Из открытого окна словно шелест какой-то раздался. Маруся напряглась.
– Татьянка! А ну-ка глянь, кто там под окном бродит?
– Никого!
– Да быть этого не может! – И хочет встать.
Татьянка ее усаживает:
– Да сиди уже, черти бы тебя побрали! Из тебя невеста как из доярки балерина. Чего ты крутишься? Скоро хлопцы с Лешкой придут, а ты до сих пор не готова!
– Глянь на подоконник! – Маруся говорит.
Татьянка подошла к открытому окну, взяла с подоконника конфету в липкой обертке.
– Конфета, – удивилась. – Наверное, дети балуются.
– Наверное… – улыбнулась Маруся.
Степка-немец пригнулся под Марусиным окном – нет, никто его не заметил, все чересчур заняты, как же – свадьба у Маруси. Очки на носу поправил и втихаря за хату. Оттуда – на улицу. Под кустом сиреневым остановился, «Пегас» в зубы, спичкой – чирк.
Сиреневый куст разросся, как дерево. Под ветки станешь – издалека никто и не заметит. Степка затянулся сигаретой: и что теперь делать? Был у него отец-калека, трактор и Маруся. Отец помер, Маруся теперь замужняя, только и осталось, что трактор, а то бы – совсем худо. Вздохнул, голову опустил, сигарету под куст бросил, а там тех окурков – гора.
И пошел прочь – худой, рыжий, ростом не вышел, еще и слепой как крот. Эх, недаром горбоносая Татьянка говорила – несчастье, а что очи мудрые, как у старца, улыбка тучи разгоняет и сердце без гнили, – так, чтобы это разглядеть, нужно подойти ближе.
В полдень во двор Марусиного дома ворвалась веселая ватага парней, Лешка-красавец – впереди. На пиджаке цветок серебристый, сорочка белая, аж глаза слепит, галстук полосатый – все при нем.
Девчата Лешку увидели – и давай визжать.
– Маруся! Маруся! Жених во дворе! Маруся!
Лешкин дружка Николай одну из девчат подхватил под руку:
– У нас купец! У вас – товар! А ну ведите! Приценимся! Подойдет ли нашему Алексею ваша Маруська?
А та возмущается:
– Это ж несправедливость какая! Чтобы с первого дня – товар…
Лешка руку вверх – тихо всем! На часы глянул.
– Девчата! Хватит время терять. Через полчаса сельсовет закроется. Где Маруся?
Тут уже не только девчата, а и старая Орыся голос подала:
– Маруся! Да где же ты, доченька. Выходи уже…
Вышла – все чуть не упали. Девчата от зависти губы кусают, хлопцы рты разинули, Лешка задохнулся от восхищения – вот когда учился в городе в институте, однажды попал ему в руки журнал английский про богатых и красивых, и была там одна фотография, от которой Лешка глаз отвести не мог, потому что с нее прямо ему в душу смотрела сказочно красивая женщина в белом бальном платье – глаза и косы черные, уста алые и улыбка, что просто с ума сводила. Так Маруся лучше… Правду говорила – самая красивая… Такая красивая, что и…
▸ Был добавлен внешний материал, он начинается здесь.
lemmas add_ac = add_assoc add_commute add_left_commute

lemma add_left_cancel: "z \<oplus> x = z \<oplus> y \<Longrightarrow> x = y"
proof -
  have "x \<oplus> z = y \<oplus> z \<longrightarrow> x = y"
    by (rule delta0_induct[where
          \<phi> = "Disj (Neg (Eq (Plus (Var 1) (Var 0)) (Plus (Var 2) (Var 0)))) (Eq (Var 1) (Var 2))"
          and e = "(\<lambda>_. Zr)(1 := x, 2 := y)" and v = 0])
      (auto intro!: delta0_Disj delta0.intros simp: add_zero add_suc dest: suc_inject)
  then show "z \<oplus> x = z \<oplus> y \<Longrightarrow> x = y"
    by (simp add: add_commute)
qed

lemma add_eq_self_iff: "x \<oplus> y = x \<longleftrightarrow> y = Zr"
  using add_left_cancel[of x y Zr] by (auto simp: add_zero)

lemma not_less_zero: "\<not> x \<prec> Zr"
  unfolding less_iff by (simp add: add_suc suc_neq_zero)

lemma not_add_less_self: "\<not> x \<oplus> t \<prec> x"
proof
  assume "x \<oplus> t \<prec> x"
  then obtain z where "x \<oplus> t \<oplus> Sc z = x"
    unfolding less_iff by blast
  then have "x \<oplus> Sc (t \<oplus> z) = x"
    by (simp add: add_assoc add_suc)
  then show False
    by (simp add: add_eq_self_iff suc_neq_zero)
qed

lemma less_irrefl: "\<not> x \<prec> x"
  using not_add_less_self[of x Zr] by (simp add: add_zero)

lemma less_trans: "x \<prec> y \<Longrightarrow> y \<prec> z \<Longrightarrow> x \<prec> z"
  unfolding less_iff by (metis add_assoc add_suc suc_add)

lemma less_suc_iff: "x \<prec> Sc y \<longleftrightarrow> x \<prec> y \<or> x = y"
proof
  assume "x \<prec> Sc y"
  then obtain z where "x \<oplus> z = y"
    unfolding less_iff by (auto simp: add_suc dest: suc_inject)
  then show "x \<prec> y \<or> x = y"
    using zero_or_suc[of z] unfolding less_iff by (auto simp: add_zero)
next
  assume "x \<prec> y \<or> x = y"
  then show "x \<prec> Sc y"
  proof
    assume "x \<prec> y"
    then obtain z where "x \<oplus> Sc z = y"
      unfolding less_iff by blast
    then have "x \<oplus> Sc (Sc z) = Sc y"
      by (simp add: add_suc)
    then show ?thesis
      unfolding less_iff by blast
  qed (simp add: less_suc_self)
qed

lemma less_imp_suc_le: "x \<prec> y \<Longrightarrow> Sc x \<prec> y \<or> Sc x = y"
  unfolding less_iff by (metis add_suc add_zero suc_add zero_or_suc)

lemma zero_less: "x \<noteq> Zr \<Longrightarrow> Zr \<prec> x"
  using zero_or_suc[of x] unfolding less_iff by (auto simp: zero_add)

lemma less_linear: "x \<prec> y \<or> x = y \<or> y \<prec> x"
proof (rule delta0_induct[where P = "\<lambda>u. x \<prec> u \<or> x = u \<or> u \<prec> x" and e = "(\<lambda>_. Zr)(1 := x)" and v = 0])
  show "delta0 (Disj (Lt (Var 1) (Var 0)) (Disj (Eq (Var 1) (Var 0)) (Lt (Var 0) (Var 1))))"
    by (intro delta0_Disj delta0.intros)
  show "x \<prec> Zr \<or> x = Zr \<or> Zr \<prec> x"
    using zero_less by blast
next
  fix u
  assume "x \<prec> u \<or> x = u \<or> u \<prec> x"
  then show "x \<prec> Sc u \<or> x = Sc u \<or> Sc u \<prec> x"
    using less_suc_iff less_imp_suc_le by blast
qed simp

lemma add_less_mono_left: "x \<prec> y \<Longrightarrow> z \<oplus> x \<prec> z \<oplus> y"
  unfolding less_iff by (metis add_assoc)
(* Let $G=(V,v,E)$ be a directed graph with $V=\{1,\dots,n\}$, target node $v$, edge set $E$, and let $Z$ be a set of ordered node pairs with $Z\cap E=\emptyset$. For $\mathbf{y}\in\{0,1\}^{Z}$ with support $Y$, let $\mathcal{FR}(\mathbf{y})\ge0$ be the expected first return time to $v$ of the PageRank random walk on $(V,E\cup Y)$. Let $\mathcal{Y}$ be a constraint set with $\mathcal{Y}\cap\{0,1\}^{Z}\ne\emptyset$, for disjoint $S,N\subseteq Z$ let $\gamma(S,N)=\min\{\mathcal{FR}(\mathbf{y}): y_e=1\ \forall e\in S,\ y_e=0\ \forall e\in N,\ \mathbf{y}\in\{0,1\}^{Z}\}$, and let $m=\min_{\mathbf{y}\in\{0,1\}^{Z}}\mathcal{FR}(\mathbf{y})$. Let $\bar{\mathbf{y}}\in\mathcal{Y}\cap\{0,1\}^{Z}$ with support $\bar Y$, let $e^1,\dots,e^{K}$ be an arbitrary ordering of $Z\setminus\bar Y$, and let $\hat\pi_{e^r}(\bar{\mathbf{y}})=\min\{0,-\mathcal{FR}(\bar{\mathbf{y}})+\gamma(\{e^r\},\{e^{r+1},\dots,e^{K}\})\}$. Define for $\mathbf{y}\in[0,1]^{Z}$ $$B(\mathbf{y})=\mathcal{FR}(\bar{\mathbf{y}})+\sum_{e\in\bar Y}\min\{0,\gamma(\emptyset,\{e\})-\mathcal{FR}(\bar{\mathbf{y}})\}(1-y_e)+\sum_{k=1}^{K}\hat\pi_{e^k}(\bar{\mathbf{y}})y_{e^k},$$ $$L(\mathbf{y})=\mathcal{FR}(\bar{\mathbf{y}})+\sum_{e\in\bar Y}(m-\mathcal{FR}(\bar{\mathbf{y}}))(1-y_e)+\sum_{e\in Z\setminus\bar Y}(m-\mathcal{FR}(\bar{\mathbf{y}}))y_e.$$ Then the inequality $\theta\ge B(\mathbf{y})$ is stronger than the $L$-shaped inequality $\theta\ge L(\mathbf{y})$, i.e. $B(\mathbf{y})\ge L(\mathbf{y})$ for all $\mathbf{y}\in[0,1]^{Z}$ (coefficientwise comparison).
   Context: The PageRank random walk is the random walk defined by the PageRank (Google) matrix with fixed damping and teleportation, as in Csáji–Jungers–Blondel; the expected first return time to $v$ is the expected number of steps for the walk started at $v$ to return to $v$. *)

theory Defs
  imports Complex_Main
begin

type_synonym node = nat
type_synonym edge = "nat \<times> nat"

definition outdeg :: "nat \<Rightarrow> edge set \<Rightarrow> nat \<Rightarrow> nat" where
  "outdeg n Ed i = card {j \<in> {1..n}. (i, j) \<in> Ed}"

definition link_prob :: "nat \<Rightarrow> edge set \<Rightarrow> nat \<Rightarrow> nat \<Rightarrow> real" where
  "link_prob n Ed i j =
     (if outdeg n Ed i = 0 then 1 / real n
      else if (i, j) \<in> Ed then 1 / real (outdeg n Ed i) else 0)"

definition pagerank_prob :: "real \<Rightarrow> (nat \<Rightarrow> real) \<Rightarrow> nat \<Rightarrow> edge set \<Rightarrow> nat \<Rightarrow> nat \<Rightarrow> real" where
  "pagerank_prob alpha z n Ed i j = alpha * link_prob n Ed i j + (1 - alpha) * z j"

text \<open>taboo_prob ... k j: probability that the walk started at v is at j at step k
  without having visited v at any of the steps 1..k-1 (k >= 1).\<close>
fun taboo_prob :: "real \<Rightarrow> (nat \<Rightarrow> real) \<Rightarrow> nat \<Rightarrow> edge set \<Rightarrow> nat \<Rightarrow> nat \<Rightarrow> nat \<Rightarrow> real" where
  "taboo_prob alpha z n Ed v 0 j = (if j = v then 1 else 0)"
| "taboo_prob alpha z n Ed v (Suc k) j =
     (\<Sum>i\<in>{1..n}. (if k = 0 \<or> i \<noteq> v then taboo_prob alpha z n Ed v k i else 0)
                   * pagerank_prob alpha z n Ed i j)"

definition first_return_time :: "real \<Rightarrow> (nat \<Rightarrow> real) \<Rightarrow> nat \<Rightarrow> edge set \<Rightarrow> nat \<Rightarrow> real" where
  "first_return_time alpha z n Ed v =
     (\<Sum>k. real (Suc k) * taboo_prob alpha z n Ed v (Suc k) v)"

text \<open>FR(y) for the binary vector y with support Y: graph (V, E \<union> Y).\<close>
definition FR :: "real \<Rightarrow> (nat \<Rightarrow> real) \<Rightarrow> nat \<Rightarrow> edge set \<Rightarrow> nat \<Rightarrow> edge set \<Rightarrow> real" where
  "FR alpha z n E v Y = first_return_time alpha z n (E \<union> Y) v"

text \<open>gamma(S,N) = min of FR over binary y with y_e = 1 on S and y_e = 0 on N
  (binary vectors represented by their supports Y \<subseteq> Z).\<close>
definition gamma :: "real \<Rightarrow> (nat \<Rightarrow> real) \<Rightarrow> nat \<Rightarrow> edge set \<Rightarrow> nat \<Rightarrow> edge set
    \<Rightarrow> edge set \<Rightarrow> edge set \<Rightarrow> real" where
  "gamma alpha z n E v Z S N =
     Min (FR alpha z n E v ` {Y. Y \<subseteq> Z \<and> S \<subseteq> Y \<and> Y \<inter> N = {}})"

end

theory Submission
  imports Defs
begin

text \<open>Each \<gamma>(S, N) that occurs is a minimum of FR over a nonempty subfamily of the supports
  Y \<subseteq> Z (Y = {} resp. Y = {e^k} is feasible), hence is at least the global minimum m;
  as also FR(ybar) \<ge> m, every coefficient of B dominates the corresponding coefficient
  m - FR(ybar) of L, and the multipliers 1 - y_e and y_e are nonnegative on [0,1]^Z.
  Nothing about the PageRank walk beyond FR being a real-valued function of the support is
  used.\<close>

lemma Min_FR_le_gamma:
  assumes "finite Z" and "Y \<subseteq> Z" and "S \<subseteq> Y" and "Y \<inter> N = {}"
  shows "Min (FR alpha z n E v ` Pow Z) \<le> gamma alpha z n E v Z S N"
proof -
  let ?feasible = "{Y. Y \<subseteq> Z \<and> S \<subseteq> Y \<and> Y \<inter> N = {}}"
  have "?feasible \<noteq> {}" and "?feasible \<subseteq> Pow Z"
    using assms(2-4) by blast+
  with \<open>finite Z\<close> show ?thesis
    unfolding gamma_def by (intro Min_antimono image_mono) (auto intro: finite_subset)
qed

lemma sum_coefficientwise_le:
  fixes a c w :: "'a \<Rightarrow> 'b::ordered_comm_semiring"
  assumes "\<And>x. x \<in> A \<Longrightarrow> c x \<le> a x" and "\<And>x. x \<in> A \<Longrightarrow> 0 \<le> w x"
  shows "(\<Sum>x\<in>A. c x * w x) \<le> (\<Sum>x\<in>A. a x * w x)"
  using assms by (intro sum_mono mult_right_mono)

lemma sum_reindexed_coefficientwise_le:
  fixes y :: "'a \<Rightarrow> 'b::linordered_idom"
  assumes bij: "bij_betw ord {1..K} R"
    and "\<And>e. e \<in> A \<Longrightarrow> c \<le> a e" and "\<And>k. k \<in> {1..K} \<Longrightarrow> c \<le> b k"
    and "\<And>e. e \<in> A \<Longrightarrow> y e \<le> 1" and "\<And>e. e \<in> R \<Longrightarrow> 0 \<le> y e"
  shows "(\<Sum>e\<in>A. c * (1 - y e)) + (\<Sum>e\<in>R. c * y e)
         \<le> (\<Sum>e\<in>A. a e * (1 - y e)) + (\<Sum>k=1..K. b k * y (ord k))"
proof -
  have "(\<Sum>e\<in>R. c * y e) = (\<Sum>k=1..K. c * y (ord k))"
    by (rule sum.reindex_bij_betw[OF bij, symmetric])
  moreover have "(\<Sum>e\<in>A. c * (1 - y e)) \<le> (\<Sum>e\<in>A. a e * (1 - y e))"
    using assms(2,4) by (intro sum_coefficientwise_le) auto
  moreover have "(\<Sum>k=1..K. c * y (ord k)) \<le> (\<Sum>k=1..K. b k * y (ord k))"
    using assms(3,5) bij_betwE[OF bij] by (intro sum_coefficientwise_le) auto
  ultimately show ?thesis
    by (metis add_mono)
qed

theorem corollary2:
  fixes alpha :: real and z :: "nat \<Rightarrow> real" and n :: nat and v :: nat
    and E Z :: "(nat \<times> nat) set"
    and Ycal :: "((nat \<times> nat) \<Rightarrow> real) set"
    and ybar :: "(nat \<times> nat) \<Rightarrow> real"
    and ord :: "nat \<Rightarrow> nat \<times> nat"
  assumes n_pos: "n \<ge> 1"
    and v_in: "v \<in> {1..n}"
    and alpha: "0 < alpha" "alpha < 1"
    and z_pos: "\<forall>j\<in>{1..n}. z j > 0"
    and z_sum: "(\<Sum>j\<in>{1..n}. z j) = 1"
    and E_sub: "E \<subseteq> {1..n} \<times> {1..n}"
    and Z_sub: "Z \<subseteq> {1..n} \<times> {1..n}"
    and ZE: "Z \<inter> E = {}"
    and ybar_in: "ybar \<in> Ycal"
    and ybar_bin: "\<forall>e\<in>Z. ybar e \<in> {0, 1}"
    and ybar_ext: "\<forall>e. e \<notin> Z \<longrightarrow> ybar e = 0"
    and ord_bij: "bij_betw ord {1..card (Z - {e\<in>Z. ybar e = 1})} (Z - {e\<in>Z. ybar e = 1})"
  shows
    "let Ybar = {e\<in>Z. ybar e = 1};
         K = card (Z - Ybar);
         FRb = FR alpha z n E v Ybar;
         \<gamma> = gamma alpha z n E v Z;
         m = Min (FR alpha z n E v ` Pow Z);
         \<pi> = (\<lambda>r. min 0 (- FRb + \<gamma> {ord r} (ord ` {r+1..K})));
         B = (\<lambda>y. FRb + (\<Sum>e\<in>Ybar. min 0 (\<gamma> {} {e} - FRb) * (1 - y e))
                       + (\<Sum>k=1..K. \<pi> k * y (ord k)));
         L = (\<lambda>y. FRb + (\<Sum>e\<in>Ybar. (m - FRb) * (1 - y e))
                       + (\<Sum>e\<in>Z - Ybar. (m - FRb) * y e))
     in (\<forall>e\<in>Ybar. min 0 (\<gamma> {} {e} - FRb) \<ge> m - FRb)
      \<and> (\<forall>k\<in>{1..K}. \<pi> k \<ge> m - FRb)
      \<and> (\<forall>y. (\<forall>e\<in>Z. 0 \<le> y e \<and> y e \<le> 1) \<longrightarrow> B y \<ge> L y)"
proof -
  define Ybar where "Ybar = {e\<in>Z. ybar e = 1}"
  define K where "K = card (Z - Ybar)"
  define FRb where "FRb = FR alpha z n E v Ybar"
  define m where "m = Min (FR alpha z n E v ` Pow Z)"
  define \<pi> where "\<pi> r = min 0 (- FRb + gamma alpha z n E v Z {ord r} (ord ` {r+1..K}))" for r
  have "finite Z" using Z_sub finite_subset by blast
  have bij: "bij_betw ord {1..K} (Z - Ybar)" using ord_bij unfolding K_def Ybar_def .
  have m_le_FRb: "m \<le> FRb"
    unfolding m_def FRb_def Ybar_def using \<open>finite Z\<close> by (intro Min_le) auto
  have coeff_Ybar: "\<forall>e\<in>Ybar. m - FRb \<le> min 0 (gamma alpha z n E v Z {} {e} - FRb)"
    using Min_FR_le_gamma[OF \<open>finite Z\<close>, of "{}"] m_le_FRb unfolding m_def by auto
  have coeff_rest: "\<forall>k\<in>{1..K}. m - FRb \<le> \<pi> k"
  proof
    fix k assume k: "k \<in> {1..K}"
    have "ord k \<in> Z"
      using bij_betwE[OF bij] k by blast
    moreover have "ord k \<notin> ord ` {k+1..K}"
      using bij_betw_imp_inj_on[OF bij] k by (auto simp: inj_on_image_mem_iff)
    ultimately show "m - FRb \<le> \<pi> k"
      using Min_FR_le_gamma[OF \<open>finite Z\<close>, of "{ord k}"] m_le_FRb
      unfolding m_def \<pi>_def by auto
  qed
  have B_ge_L:
    "FRb + (\<Sum>e\<in>Ybar. (m - FRb) * (1 - y e)) + (\<Sum>e\<in>Z - Ybar. (m - FRb) * y e)
     \<le> FRb + (\<Sum>e\<in>Ybar. min 0 (gamma alpha z n E v Z {} {e} - FRb) * (1 - y e))
          + (\<Sum>k=1..K. \<pi> k * y (ord k))"
    if y: "\<forall>e\<in>Z. 0 \<le> y e \<and> y e \<le> 1" for y
  proof -
    have "Ybar \<subseteq> Z" unfolding Ybar_def by blast
    then have "(\<Sum>e\<in>Ybar. (m - FRb) * (1 - y e)) + (\<Sum>e\<in>Z - Ybar. (m - FRb) * y e)
        \<le> (\<Sum>e\<in>Ybar. min 0 (gamma alpha z n E v Z {} {e} - FRb) * (1 - y e))
          + (\<Sum>k=1..K. \<pi> k * y (ord k))"
      using coeff_Ybar coeff_rest y by (intro sum_reindexed_coefficientwise_le[OF bij]) auto
    then show ?thesis by linarith
  qed
  show ?thesis
    unfolding Let_def Ybar_def[symmetric] K_def[symmetric] FRb_def[symmetric]
      m_def[symmetric] \<pi>_def[symmetric]
    using coeff_Ybar coeff_rest B_ge_L by blast
qed

end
Тихо стало на Марусином дворе. У Лешки даже мысли оборвались. Смотрит на Марусю, как круглый дурак, а голова пуста – и все тут. Старая Орыся первой в себя пришла, к Марусе руки протянула.
– Доченька моя! Иди к маме. Поцелую, родная. Благословлю и за себя и за отца.
Лешка выдохнул с облегчением, стрельнул глазом – не заметил ли кто случайно, как он от Марусиной красоты чуть голову не потерял. Да нет! Вроде все в порядке. Снова на часы глянул.
– А что, Маруся, – в сельсовет? Не передумала?
Маруся улыбнулась – нет! Маму обняла, поцеловала и к жениху идет – в глаза смотрит и все улыбается.
– Пусть нас мама благословит.
– Пусть, – согласился Лешка.
Орыся молодых торопливо перекрестила, потому что жених предупреждал: чтоб ничего лишнего, он ведь коммунист. А она им мысленно: «С Богом!»
Маруся Лешку под руку взяла и первой к калитке пошла. Толпа хлопцев и девчат с цветами, рушниками, горилкой и баяном – следом. Настоящая свадьба! На другом конце Ракитного и глухой услышит.
На улицу вышли – веселые, красивые. Маруся на сирень глянула – под кустом окурок дымит. Никого. Брови сдвинула. Остановилась.
– Что? – Лешка почему-то испугался.
Хлопцы с девчатами на молодых косятся, мол, что у вас еще не так? А Маруся не слышит – руку к груди прижала. «А намысто! Намысто ж забыла!» – в виски бьет. На Лешку…
– Маруся… Ты чего? – аж голос у него охрип.
– Да нет же… – прошептала, букет горбоносой Татьянке ткнула и побежала к дому.
Орыся схватилась за сердце и чуть не упала.
– Доченька… Да что же это, люди добрые?
Лешкин дружка Николай перед компанией выскочил.
– Так… Спокойно… Еще есть время. Может, невесте срочно нужно…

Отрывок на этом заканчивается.